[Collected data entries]

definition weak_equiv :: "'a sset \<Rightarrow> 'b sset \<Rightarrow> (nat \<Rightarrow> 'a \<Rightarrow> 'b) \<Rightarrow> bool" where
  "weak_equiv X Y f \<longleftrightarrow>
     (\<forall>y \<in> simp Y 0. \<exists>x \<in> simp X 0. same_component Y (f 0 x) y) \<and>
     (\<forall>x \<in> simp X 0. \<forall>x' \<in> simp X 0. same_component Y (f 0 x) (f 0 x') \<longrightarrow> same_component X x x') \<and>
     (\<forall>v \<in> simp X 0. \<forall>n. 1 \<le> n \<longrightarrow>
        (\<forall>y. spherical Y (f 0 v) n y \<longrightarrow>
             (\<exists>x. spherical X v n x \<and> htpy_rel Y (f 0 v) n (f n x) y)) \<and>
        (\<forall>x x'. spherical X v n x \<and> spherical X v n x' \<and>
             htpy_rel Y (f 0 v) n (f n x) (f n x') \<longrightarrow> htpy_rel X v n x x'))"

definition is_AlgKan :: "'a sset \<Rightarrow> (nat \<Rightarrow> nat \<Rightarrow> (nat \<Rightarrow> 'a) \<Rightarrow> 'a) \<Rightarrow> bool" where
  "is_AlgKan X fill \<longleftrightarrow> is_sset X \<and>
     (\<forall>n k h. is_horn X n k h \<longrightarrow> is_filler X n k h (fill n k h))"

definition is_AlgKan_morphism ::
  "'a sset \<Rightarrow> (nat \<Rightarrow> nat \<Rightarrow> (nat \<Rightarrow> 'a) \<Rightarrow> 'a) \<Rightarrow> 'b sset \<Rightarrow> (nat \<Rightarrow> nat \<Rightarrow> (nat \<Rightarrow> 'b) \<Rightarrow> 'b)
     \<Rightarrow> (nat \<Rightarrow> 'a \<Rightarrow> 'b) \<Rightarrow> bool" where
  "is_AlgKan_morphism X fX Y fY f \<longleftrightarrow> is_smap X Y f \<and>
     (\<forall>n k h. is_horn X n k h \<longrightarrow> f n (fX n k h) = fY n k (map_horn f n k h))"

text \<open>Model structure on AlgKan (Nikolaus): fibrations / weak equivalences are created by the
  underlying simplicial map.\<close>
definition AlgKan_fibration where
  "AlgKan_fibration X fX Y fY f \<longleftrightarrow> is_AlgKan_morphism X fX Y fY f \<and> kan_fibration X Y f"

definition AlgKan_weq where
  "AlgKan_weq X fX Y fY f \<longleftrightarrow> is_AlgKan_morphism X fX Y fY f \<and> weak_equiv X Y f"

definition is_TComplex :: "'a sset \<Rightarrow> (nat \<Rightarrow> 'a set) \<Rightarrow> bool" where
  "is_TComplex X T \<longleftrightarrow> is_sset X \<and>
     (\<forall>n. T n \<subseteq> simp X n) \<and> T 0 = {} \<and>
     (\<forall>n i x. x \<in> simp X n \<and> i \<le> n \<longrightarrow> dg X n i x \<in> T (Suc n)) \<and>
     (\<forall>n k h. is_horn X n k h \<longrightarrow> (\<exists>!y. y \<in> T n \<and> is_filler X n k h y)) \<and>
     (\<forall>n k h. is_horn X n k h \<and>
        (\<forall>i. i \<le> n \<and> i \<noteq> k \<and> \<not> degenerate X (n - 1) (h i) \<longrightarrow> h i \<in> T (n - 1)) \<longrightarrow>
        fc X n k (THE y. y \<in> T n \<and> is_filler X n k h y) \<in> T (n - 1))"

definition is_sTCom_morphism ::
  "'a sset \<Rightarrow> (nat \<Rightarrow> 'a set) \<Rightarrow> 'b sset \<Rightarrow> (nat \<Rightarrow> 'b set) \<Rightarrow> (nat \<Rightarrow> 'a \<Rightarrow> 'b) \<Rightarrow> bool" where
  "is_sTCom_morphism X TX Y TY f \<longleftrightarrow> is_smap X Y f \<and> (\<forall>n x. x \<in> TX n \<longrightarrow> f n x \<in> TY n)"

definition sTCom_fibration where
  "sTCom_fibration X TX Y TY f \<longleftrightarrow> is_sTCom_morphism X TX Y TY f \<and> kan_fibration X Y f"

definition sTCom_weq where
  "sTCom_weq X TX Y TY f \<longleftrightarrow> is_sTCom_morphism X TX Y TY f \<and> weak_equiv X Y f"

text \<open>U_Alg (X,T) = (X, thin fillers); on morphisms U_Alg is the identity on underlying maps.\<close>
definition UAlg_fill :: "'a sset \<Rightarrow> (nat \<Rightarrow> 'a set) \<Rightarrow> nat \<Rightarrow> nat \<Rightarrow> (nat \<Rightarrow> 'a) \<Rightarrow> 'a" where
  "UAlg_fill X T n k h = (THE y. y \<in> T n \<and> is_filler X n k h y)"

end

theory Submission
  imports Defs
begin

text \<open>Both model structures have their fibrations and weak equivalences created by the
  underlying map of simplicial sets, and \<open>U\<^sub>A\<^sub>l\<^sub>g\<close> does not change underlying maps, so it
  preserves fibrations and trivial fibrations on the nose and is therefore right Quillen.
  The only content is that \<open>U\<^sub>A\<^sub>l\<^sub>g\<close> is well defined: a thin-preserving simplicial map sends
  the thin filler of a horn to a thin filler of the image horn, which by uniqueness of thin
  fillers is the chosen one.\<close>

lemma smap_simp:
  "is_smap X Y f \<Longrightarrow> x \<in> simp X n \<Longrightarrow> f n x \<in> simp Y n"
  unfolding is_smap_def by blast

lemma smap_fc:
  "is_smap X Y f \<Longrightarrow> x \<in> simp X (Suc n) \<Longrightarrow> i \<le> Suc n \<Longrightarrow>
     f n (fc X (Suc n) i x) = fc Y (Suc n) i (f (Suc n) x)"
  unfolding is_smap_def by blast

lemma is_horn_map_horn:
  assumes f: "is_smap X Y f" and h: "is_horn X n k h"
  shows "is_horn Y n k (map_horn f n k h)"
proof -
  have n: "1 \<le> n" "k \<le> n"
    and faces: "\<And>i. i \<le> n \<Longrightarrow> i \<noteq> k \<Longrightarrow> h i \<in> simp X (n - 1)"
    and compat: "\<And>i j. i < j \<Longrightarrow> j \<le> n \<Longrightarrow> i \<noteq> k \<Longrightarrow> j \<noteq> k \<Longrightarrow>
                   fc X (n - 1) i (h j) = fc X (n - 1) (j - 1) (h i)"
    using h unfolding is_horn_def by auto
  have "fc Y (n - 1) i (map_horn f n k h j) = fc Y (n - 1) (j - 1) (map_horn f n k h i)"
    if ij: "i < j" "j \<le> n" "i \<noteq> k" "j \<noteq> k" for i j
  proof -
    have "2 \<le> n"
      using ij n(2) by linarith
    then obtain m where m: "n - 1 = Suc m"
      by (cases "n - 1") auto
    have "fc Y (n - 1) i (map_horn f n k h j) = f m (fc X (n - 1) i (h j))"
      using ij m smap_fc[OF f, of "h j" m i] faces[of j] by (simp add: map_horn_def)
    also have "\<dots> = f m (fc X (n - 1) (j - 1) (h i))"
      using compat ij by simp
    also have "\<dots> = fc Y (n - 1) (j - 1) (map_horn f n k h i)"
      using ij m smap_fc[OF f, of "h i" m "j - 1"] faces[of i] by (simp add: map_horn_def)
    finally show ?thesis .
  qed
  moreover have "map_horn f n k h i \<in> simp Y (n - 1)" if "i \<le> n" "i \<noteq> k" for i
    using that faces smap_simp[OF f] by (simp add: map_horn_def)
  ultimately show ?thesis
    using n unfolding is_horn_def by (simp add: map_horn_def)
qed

...

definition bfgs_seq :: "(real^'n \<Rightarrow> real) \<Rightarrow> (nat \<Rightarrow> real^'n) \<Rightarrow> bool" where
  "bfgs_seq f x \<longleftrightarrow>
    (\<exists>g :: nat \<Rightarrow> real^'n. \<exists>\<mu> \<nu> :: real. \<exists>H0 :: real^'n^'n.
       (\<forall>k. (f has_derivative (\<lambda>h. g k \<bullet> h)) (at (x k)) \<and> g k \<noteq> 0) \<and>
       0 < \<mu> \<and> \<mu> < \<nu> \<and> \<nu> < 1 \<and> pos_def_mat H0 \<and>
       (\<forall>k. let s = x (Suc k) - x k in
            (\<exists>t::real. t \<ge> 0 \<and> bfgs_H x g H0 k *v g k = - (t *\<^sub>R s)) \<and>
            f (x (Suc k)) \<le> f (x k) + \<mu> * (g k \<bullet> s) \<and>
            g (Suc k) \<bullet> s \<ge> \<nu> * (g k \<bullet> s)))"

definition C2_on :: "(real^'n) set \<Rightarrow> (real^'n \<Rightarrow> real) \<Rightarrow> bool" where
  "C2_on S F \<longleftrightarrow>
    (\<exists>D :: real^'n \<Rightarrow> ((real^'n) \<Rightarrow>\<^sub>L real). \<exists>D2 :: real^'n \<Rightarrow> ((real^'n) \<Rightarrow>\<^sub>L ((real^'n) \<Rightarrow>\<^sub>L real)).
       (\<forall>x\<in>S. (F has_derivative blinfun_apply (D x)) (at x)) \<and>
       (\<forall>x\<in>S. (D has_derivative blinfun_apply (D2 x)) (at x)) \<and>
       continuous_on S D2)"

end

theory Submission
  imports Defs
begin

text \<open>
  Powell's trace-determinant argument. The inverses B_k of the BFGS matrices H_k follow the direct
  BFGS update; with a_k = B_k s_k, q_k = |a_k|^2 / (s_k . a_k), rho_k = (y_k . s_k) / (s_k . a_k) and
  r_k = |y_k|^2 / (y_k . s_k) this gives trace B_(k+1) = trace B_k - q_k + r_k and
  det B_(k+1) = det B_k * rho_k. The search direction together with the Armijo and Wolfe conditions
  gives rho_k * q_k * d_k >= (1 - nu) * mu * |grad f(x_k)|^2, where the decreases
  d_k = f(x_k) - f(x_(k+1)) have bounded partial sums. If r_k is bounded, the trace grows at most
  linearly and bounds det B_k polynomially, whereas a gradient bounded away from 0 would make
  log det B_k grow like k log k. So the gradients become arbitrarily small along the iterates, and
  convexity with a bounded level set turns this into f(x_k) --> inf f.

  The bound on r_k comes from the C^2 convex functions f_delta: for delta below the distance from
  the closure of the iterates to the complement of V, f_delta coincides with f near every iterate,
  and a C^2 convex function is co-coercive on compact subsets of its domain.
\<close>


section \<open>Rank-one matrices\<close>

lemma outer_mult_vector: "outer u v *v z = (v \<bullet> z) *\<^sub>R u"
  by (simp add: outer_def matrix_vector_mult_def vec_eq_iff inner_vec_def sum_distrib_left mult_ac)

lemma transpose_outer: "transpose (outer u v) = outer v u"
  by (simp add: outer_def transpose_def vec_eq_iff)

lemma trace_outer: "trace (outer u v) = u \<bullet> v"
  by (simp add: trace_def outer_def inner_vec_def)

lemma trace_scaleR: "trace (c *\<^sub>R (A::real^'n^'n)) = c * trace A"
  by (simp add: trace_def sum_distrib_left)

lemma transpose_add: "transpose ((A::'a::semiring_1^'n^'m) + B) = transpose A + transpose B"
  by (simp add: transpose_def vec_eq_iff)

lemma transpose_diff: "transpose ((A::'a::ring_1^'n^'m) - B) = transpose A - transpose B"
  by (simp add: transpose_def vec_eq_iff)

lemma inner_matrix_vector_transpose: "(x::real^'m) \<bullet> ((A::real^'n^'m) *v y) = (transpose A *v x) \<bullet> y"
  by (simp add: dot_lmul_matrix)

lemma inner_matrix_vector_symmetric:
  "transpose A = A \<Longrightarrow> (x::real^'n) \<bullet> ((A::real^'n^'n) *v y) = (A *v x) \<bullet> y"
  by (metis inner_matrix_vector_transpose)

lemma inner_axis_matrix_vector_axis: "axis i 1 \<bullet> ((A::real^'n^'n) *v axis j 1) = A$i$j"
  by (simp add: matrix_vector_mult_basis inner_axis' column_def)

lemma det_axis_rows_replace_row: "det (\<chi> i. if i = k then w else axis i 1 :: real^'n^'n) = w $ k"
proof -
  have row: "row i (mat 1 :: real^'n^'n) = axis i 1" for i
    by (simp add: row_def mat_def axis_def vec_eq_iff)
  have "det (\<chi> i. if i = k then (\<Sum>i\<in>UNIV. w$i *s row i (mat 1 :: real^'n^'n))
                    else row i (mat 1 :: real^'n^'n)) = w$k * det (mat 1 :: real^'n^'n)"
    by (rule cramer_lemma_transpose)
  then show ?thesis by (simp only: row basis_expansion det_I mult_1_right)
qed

==

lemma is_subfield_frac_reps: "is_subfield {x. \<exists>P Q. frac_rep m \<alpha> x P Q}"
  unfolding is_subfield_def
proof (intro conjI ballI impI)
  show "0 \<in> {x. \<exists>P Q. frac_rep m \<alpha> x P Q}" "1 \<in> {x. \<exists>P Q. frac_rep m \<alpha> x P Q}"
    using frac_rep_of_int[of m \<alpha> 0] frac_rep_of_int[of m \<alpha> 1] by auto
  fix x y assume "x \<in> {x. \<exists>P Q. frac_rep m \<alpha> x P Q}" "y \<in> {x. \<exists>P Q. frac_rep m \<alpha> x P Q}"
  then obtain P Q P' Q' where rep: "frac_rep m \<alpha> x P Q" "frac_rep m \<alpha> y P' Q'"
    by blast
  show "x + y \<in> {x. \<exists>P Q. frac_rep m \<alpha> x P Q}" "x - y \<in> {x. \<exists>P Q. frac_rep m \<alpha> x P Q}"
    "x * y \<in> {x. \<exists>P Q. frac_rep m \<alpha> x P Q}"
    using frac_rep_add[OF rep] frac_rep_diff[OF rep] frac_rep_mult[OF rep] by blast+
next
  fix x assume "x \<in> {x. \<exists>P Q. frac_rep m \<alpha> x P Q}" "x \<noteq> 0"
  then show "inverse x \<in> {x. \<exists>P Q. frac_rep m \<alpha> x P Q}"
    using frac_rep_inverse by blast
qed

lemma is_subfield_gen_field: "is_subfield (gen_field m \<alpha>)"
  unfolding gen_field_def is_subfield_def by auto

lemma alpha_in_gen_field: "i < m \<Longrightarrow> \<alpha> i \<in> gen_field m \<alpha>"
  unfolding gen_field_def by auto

**ACTIVITY**. Out of the data above, give again only the lines starting at the one holding "(\<forall>x\<in>S. (D has_derivative" and ending at the one holding "det B_(k+1) = det", unchanged.

**EXERCISE SOLUTION**.
       (\<forall>x\<in>S. (D has_derivative blinfun_apply (D2 x)) (at x)) \<and>
       continuous_on S D2)"

end

theory Submission
  imports Defs
begin

text \<open>
  Powell's trace-determinant argument. The inverses B_k of the BFGS matrices H_k follow the direct
  BFGS update; with a_k = B_k s_k, q_k = |a_k|^2 / (s_k . a_k), rho_k = (y_k . s_k) / (s_k . a_k) and
  r_k = |y_k|^2 / (y_k . s_k) this gives trace B_(k+1) = trace B_k - q_k + r_k and
  det B_(k+1) = det B_k * rho_k. The search direction together with the Armijo and Wolfe conditions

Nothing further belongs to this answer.